(Collected data entries)
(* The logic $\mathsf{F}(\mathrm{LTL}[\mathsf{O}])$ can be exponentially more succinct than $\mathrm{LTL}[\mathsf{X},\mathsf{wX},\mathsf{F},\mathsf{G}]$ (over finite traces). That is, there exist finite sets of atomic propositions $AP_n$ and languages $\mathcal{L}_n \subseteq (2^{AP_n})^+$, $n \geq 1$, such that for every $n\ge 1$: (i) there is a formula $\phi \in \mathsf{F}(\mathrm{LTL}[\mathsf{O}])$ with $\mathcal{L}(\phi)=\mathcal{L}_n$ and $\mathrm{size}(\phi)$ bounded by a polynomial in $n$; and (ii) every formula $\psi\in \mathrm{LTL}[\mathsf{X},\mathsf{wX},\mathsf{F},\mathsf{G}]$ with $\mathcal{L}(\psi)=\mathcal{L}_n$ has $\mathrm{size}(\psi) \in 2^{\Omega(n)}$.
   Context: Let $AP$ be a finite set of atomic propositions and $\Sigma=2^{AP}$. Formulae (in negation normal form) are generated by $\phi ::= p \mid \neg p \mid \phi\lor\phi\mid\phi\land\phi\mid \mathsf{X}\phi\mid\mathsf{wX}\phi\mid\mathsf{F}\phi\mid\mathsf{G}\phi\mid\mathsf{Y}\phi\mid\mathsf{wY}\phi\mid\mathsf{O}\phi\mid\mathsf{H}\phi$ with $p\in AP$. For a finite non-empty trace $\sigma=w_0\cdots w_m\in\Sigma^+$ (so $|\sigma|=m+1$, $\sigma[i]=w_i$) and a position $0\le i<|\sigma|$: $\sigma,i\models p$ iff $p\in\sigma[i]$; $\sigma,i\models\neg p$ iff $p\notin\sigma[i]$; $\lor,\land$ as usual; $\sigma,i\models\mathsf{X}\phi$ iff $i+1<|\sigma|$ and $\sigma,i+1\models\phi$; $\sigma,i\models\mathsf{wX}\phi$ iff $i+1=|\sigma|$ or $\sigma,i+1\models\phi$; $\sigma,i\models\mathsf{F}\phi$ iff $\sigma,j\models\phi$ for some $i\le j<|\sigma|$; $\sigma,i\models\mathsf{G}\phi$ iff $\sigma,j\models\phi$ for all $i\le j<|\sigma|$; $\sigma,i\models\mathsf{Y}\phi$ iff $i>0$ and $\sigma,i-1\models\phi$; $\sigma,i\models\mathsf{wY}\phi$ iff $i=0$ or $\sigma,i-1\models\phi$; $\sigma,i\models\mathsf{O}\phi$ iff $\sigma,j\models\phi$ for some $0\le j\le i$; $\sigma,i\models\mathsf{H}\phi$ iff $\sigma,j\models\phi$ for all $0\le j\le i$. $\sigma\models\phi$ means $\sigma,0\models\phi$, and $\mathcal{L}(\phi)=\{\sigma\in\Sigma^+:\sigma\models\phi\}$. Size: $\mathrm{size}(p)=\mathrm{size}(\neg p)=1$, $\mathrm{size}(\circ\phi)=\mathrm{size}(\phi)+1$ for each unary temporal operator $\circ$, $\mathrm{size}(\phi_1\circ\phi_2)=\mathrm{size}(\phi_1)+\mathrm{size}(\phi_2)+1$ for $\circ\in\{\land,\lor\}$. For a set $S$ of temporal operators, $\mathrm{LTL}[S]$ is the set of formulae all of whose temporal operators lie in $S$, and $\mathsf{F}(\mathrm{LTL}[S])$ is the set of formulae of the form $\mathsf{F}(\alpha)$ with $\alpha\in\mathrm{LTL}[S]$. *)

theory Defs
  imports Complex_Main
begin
==
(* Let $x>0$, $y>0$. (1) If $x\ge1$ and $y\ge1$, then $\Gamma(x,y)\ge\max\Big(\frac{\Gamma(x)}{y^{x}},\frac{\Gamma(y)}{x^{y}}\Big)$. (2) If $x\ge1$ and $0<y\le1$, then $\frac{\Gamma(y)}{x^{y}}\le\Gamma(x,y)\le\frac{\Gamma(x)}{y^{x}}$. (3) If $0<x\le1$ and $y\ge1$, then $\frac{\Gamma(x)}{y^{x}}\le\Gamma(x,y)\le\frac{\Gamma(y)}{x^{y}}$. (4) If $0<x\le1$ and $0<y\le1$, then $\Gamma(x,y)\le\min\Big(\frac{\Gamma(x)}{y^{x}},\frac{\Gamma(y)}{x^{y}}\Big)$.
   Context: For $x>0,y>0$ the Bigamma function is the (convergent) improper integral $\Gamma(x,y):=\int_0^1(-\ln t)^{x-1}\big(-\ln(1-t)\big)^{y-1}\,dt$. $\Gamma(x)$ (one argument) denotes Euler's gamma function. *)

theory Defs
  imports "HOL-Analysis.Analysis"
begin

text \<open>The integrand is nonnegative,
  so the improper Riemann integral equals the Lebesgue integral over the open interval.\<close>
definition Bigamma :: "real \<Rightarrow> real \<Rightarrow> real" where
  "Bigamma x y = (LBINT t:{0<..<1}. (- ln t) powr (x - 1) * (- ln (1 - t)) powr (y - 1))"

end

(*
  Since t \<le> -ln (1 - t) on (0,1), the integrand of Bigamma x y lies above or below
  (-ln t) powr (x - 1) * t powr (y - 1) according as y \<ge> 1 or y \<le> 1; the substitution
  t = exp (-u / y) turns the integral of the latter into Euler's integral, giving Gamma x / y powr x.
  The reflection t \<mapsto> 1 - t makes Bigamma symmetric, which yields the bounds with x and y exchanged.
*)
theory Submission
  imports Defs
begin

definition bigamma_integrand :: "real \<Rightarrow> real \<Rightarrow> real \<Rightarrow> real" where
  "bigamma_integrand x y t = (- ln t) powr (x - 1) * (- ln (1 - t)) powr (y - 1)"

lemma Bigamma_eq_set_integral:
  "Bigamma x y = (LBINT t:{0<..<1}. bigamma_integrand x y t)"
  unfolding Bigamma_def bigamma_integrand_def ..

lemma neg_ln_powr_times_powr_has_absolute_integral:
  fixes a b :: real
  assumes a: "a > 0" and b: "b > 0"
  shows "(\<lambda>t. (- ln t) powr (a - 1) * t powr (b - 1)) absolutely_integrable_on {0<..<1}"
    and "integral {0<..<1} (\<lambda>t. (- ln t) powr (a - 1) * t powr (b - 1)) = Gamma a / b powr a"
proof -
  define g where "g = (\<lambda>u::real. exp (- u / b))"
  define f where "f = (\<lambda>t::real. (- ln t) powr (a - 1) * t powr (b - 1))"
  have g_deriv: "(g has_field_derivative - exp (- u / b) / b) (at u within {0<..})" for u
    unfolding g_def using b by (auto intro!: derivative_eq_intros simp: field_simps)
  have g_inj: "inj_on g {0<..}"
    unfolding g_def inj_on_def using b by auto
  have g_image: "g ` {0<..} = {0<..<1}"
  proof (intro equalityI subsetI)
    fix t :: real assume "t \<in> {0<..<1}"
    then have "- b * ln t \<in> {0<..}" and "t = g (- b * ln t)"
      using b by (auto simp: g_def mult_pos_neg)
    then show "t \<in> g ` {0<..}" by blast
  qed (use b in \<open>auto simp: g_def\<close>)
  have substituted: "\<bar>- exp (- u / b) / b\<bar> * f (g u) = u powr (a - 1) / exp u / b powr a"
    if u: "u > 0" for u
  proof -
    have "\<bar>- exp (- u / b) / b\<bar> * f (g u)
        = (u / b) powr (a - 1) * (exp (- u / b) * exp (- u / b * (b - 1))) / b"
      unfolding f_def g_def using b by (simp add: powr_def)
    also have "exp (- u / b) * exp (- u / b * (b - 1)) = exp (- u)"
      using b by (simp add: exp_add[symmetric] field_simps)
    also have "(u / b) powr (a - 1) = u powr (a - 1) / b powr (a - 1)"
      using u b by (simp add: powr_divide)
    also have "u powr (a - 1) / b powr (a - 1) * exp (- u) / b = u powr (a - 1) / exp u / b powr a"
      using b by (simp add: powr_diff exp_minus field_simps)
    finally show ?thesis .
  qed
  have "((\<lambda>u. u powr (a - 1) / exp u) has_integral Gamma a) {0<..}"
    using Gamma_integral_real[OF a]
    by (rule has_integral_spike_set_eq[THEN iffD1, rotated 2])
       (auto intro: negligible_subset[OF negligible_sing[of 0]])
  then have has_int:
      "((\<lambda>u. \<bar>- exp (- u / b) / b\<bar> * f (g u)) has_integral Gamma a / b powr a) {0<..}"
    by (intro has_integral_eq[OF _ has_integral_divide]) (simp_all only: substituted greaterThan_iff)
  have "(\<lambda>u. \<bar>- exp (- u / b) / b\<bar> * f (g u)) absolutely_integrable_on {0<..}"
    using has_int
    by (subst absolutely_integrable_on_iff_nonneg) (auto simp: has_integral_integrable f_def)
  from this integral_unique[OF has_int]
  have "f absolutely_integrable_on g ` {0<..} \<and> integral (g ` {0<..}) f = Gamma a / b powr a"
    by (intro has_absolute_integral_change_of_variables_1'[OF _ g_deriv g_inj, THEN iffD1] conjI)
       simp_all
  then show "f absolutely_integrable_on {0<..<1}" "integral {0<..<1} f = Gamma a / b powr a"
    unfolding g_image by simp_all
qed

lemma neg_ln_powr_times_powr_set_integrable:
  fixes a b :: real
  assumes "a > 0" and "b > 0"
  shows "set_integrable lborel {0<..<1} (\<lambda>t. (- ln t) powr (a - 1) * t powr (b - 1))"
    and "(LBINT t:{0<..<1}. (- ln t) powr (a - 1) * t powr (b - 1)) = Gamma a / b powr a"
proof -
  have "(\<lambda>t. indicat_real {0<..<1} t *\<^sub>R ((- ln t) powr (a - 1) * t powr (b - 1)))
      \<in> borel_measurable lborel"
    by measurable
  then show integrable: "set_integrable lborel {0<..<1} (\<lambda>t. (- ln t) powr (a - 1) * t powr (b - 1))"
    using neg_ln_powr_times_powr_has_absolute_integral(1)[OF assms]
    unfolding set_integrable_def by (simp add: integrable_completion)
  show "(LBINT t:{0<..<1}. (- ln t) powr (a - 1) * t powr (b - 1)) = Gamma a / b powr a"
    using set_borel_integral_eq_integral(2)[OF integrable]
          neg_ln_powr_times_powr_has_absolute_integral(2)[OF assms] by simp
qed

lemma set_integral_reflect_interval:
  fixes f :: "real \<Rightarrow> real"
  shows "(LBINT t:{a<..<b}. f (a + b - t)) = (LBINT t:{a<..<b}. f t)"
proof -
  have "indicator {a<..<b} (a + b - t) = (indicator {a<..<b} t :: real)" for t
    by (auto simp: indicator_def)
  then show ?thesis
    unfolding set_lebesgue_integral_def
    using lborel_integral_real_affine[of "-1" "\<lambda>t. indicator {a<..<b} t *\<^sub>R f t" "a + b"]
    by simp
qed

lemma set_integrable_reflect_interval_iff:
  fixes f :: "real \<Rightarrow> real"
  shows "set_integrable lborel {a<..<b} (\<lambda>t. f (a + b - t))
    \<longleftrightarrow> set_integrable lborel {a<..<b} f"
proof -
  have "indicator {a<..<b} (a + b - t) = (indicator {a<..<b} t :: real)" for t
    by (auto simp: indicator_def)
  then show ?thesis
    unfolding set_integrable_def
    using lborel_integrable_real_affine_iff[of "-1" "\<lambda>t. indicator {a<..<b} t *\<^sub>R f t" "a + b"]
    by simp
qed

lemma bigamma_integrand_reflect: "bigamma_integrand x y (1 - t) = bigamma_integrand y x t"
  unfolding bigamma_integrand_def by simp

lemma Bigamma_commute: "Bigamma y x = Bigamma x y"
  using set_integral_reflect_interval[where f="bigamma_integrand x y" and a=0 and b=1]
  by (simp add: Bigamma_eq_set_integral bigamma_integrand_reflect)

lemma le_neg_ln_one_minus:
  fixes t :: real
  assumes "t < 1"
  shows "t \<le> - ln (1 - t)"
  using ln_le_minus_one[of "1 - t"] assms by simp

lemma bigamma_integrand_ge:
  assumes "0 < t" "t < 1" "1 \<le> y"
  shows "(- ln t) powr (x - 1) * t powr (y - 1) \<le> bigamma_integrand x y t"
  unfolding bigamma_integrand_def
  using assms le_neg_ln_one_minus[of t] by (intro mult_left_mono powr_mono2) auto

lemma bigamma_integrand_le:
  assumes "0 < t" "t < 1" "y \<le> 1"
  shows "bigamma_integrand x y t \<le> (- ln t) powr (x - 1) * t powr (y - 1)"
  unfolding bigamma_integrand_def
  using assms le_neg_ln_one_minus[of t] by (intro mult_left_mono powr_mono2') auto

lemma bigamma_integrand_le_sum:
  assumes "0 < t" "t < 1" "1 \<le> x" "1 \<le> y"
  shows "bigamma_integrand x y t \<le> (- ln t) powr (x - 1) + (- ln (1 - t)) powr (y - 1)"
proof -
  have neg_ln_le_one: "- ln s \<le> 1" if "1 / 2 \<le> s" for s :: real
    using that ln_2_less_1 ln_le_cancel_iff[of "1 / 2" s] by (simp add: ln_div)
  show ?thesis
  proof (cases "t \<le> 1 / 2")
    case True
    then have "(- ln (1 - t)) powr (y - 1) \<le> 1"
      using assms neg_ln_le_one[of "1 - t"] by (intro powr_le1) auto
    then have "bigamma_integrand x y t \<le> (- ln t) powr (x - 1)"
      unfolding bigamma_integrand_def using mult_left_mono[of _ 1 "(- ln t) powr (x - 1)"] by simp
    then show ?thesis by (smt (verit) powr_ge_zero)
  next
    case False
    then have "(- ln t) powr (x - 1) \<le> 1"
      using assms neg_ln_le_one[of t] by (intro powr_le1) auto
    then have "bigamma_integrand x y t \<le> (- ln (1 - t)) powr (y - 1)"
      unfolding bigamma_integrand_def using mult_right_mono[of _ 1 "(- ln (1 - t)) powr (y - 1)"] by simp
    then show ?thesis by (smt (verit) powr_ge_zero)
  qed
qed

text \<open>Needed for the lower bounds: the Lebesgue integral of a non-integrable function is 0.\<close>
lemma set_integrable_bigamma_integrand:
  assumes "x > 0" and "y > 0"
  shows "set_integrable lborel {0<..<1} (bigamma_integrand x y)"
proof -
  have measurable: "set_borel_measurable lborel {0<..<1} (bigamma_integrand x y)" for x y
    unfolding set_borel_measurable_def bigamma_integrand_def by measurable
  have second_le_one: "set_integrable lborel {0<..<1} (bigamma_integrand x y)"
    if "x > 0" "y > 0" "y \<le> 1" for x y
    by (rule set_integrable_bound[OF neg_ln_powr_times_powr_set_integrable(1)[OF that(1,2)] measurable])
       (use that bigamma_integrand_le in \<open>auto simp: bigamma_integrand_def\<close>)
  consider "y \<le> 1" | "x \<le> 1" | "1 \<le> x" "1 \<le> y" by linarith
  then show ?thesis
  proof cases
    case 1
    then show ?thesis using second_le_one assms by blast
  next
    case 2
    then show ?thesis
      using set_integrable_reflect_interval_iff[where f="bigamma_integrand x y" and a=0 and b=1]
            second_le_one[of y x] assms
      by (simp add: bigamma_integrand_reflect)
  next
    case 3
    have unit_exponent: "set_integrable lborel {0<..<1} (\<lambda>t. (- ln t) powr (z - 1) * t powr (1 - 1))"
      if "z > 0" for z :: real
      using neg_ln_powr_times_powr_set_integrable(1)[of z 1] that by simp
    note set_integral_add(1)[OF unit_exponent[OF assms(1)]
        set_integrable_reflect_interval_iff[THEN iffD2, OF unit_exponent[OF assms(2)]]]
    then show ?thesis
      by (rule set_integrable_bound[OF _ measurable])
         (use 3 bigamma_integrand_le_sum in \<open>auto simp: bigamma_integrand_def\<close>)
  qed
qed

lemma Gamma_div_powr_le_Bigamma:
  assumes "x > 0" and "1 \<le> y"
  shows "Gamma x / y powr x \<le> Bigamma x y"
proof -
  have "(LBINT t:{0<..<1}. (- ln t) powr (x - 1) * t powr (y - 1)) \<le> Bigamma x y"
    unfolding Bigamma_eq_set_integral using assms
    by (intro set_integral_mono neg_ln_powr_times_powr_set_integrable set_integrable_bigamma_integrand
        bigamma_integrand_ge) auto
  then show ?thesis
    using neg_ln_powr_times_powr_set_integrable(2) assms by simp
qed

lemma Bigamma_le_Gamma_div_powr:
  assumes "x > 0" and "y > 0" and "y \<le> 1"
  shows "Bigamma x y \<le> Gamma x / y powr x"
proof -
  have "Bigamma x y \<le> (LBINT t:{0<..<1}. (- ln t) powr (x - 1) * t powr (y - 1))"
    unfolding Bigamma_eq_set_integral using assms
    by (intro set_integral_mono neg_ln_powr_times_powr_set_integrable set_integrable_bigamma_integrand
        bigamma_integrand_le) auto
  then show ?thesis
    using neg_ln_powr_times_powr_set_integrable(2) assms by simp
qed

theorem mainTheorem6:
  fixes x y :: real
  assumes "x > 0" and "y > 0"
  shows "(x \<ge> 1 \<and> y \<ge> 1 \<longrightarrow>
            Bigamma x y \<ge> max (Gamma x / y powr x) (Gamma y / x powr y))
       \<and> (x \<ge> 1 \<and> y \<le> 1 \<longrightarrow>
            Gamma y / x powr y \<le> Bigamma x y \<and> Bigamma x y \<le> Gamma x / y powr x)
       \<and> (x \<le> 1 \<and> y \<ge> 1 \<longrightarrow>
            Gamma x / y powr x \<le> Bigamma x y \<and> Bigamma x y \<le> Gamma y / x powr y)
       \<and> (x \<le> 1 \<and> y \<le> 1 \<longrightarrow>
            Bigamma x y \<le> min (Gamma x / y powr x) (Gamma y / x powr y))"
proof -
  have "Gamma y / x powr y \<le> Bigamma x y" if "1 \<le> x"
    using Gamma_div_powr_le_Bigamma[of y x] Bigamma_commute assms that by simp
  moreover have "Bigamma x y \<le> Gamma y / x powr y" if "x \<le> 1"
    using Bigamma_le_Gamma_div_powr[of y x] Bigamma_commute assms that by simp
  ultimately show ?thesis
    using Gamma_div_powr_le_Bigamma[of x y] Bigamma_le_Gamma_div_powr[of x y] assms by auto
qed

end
--
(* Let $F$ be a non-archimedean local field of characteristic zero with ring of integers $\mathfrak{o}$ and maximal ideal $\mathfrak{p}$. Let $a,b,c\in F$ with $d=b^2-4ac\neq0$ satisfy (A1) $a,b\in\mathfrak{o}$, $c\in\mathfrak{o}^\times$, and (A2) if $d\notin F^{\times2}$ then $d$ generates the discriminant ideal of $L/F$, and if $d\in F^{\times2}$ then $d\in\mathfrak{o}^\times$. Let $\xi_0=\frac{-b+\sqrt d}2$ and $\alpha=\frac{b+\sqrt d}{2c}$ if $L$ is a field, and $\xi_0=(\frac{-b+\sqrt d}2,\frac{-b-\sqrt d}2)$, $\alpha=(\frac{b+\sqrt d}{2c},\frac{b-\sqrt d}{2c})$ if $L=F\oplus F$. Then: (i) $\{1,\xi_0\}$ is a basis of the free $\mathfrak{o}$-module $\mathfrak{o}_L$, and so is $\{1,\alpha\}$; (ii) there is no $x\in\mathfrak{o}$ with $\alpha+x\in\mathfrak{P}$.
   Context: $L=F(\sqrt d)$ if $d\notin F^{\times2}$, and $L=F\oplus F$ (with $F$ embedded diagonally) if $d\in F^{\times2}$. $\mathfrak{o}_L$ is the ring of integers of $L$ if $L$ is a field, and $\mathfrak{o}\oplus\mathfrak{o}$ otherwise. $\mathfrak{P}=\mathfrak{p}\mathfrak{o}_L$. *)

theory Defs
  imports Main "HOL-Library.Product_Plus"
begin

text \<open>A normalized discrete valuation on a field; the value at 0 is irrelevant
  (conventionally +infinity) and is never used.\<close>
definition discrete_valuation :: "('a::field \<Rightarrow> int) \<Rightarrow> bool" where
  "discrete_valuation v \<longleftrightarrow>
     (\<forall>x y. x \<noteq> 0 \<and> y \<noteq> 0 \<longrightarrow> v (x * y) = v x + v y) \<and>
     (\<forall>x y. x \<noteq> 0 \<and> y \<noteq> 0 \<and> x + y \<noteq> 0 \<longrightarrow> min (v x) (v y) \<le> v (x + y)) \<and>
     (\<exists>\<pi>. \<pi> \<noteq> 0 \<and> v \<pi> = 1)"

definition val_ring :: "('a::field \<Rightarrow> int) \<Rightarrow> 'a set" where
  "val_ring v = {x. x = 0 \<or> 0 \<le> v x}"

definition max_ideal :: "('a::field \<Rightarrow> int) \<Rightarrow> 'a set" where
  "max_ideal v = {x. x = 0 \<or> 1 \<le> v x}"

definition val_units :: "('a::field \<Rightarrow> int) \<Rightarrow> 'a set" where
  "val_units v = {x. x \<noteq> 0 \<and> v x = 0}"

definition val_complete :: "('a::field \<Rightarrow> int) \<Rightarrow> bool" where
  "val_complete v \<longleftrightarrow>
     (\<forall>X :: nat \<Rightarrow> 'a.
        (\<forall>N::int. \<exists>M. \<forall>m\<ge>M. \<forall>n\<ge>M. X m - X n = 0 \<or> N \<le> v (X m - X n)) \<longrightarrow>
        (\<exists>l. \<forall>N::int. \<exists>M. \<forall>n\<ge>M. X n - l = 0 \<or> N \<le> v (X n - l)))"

ABOUT THIS EXERCISE: Return exactly, and only, the lines above starting at the line that contains "- 1)) absolutely_integrable_on" and ending at the line that contains "using u b by (simp add: powr_divide)".

EXPECTED ANSWER:
  shows "(\<lambda>t. (- ln t) powr (a - 1) * t powr (b - 1)) absolutely_integrable_on {0<..<1}"
    and "integral {0<..<1} (\<lambda>t. (- ln t) powr (a - 1) * t powr (b - 1)) = Gamma a / b powr a"
proof -
  define g where "g = (\<lambda>u::real. exp (- u / b))"
  define f where "f = (\<lambda>t::real. (- ln t) powr (a - 1) * t powr (b - 1))"
  have g_deriv: "(g has_field_derivative - exp (- u / b) / b) (at u within {0<..})" for u
    unfolding g_def using b by (auto intro!: derivative_eq_intros simp: field_simps)
  have g_inj: "inj_on g {0<..}"
    unfolding g_def inj_on_def using b by auto
  have g_image: "g ` {0<..} = {0<..<1}"
  proof (intro equalityI subsetI)
    fix t :: real assume "t \<in> {0<..<1}"
    then have "- b * ln t \<in> {0<..}" and "t = g (- b * ln t)"
      using b by (auto simp: g_def mult_pos_neg)
    then show "t \<in> g ` {0<..}" by blast
  qed (use b in \<open>auto simp: g_def\<close>)
  have substituted: "\<bar>- exp (- u / b) / b\<bar> * f (g u) = u powr (a - 1) / exp u / b powr a"
    if u: "u > 0" for u
  proof -
    have "\<bar>- exp (- u / b) / b\<bar> * f (g u)
        = (u / b) powr (a - 1) * (exp (- u / b) * exp (- u / b * (b - 1))) / b"
      unfolding f_def g_def using b by (simp add: powr_def)
    also have "exp (- u / b) * exp (- u / b * (b - 1)) = exp (- u)"
      using b by (simp add: exp_add[symmetric] field_simps)
    also have "(u / b) powr (a - 1) = u powr (a - 1) / b powr (a - 1)"
      using u b by (simp add: powr_divide)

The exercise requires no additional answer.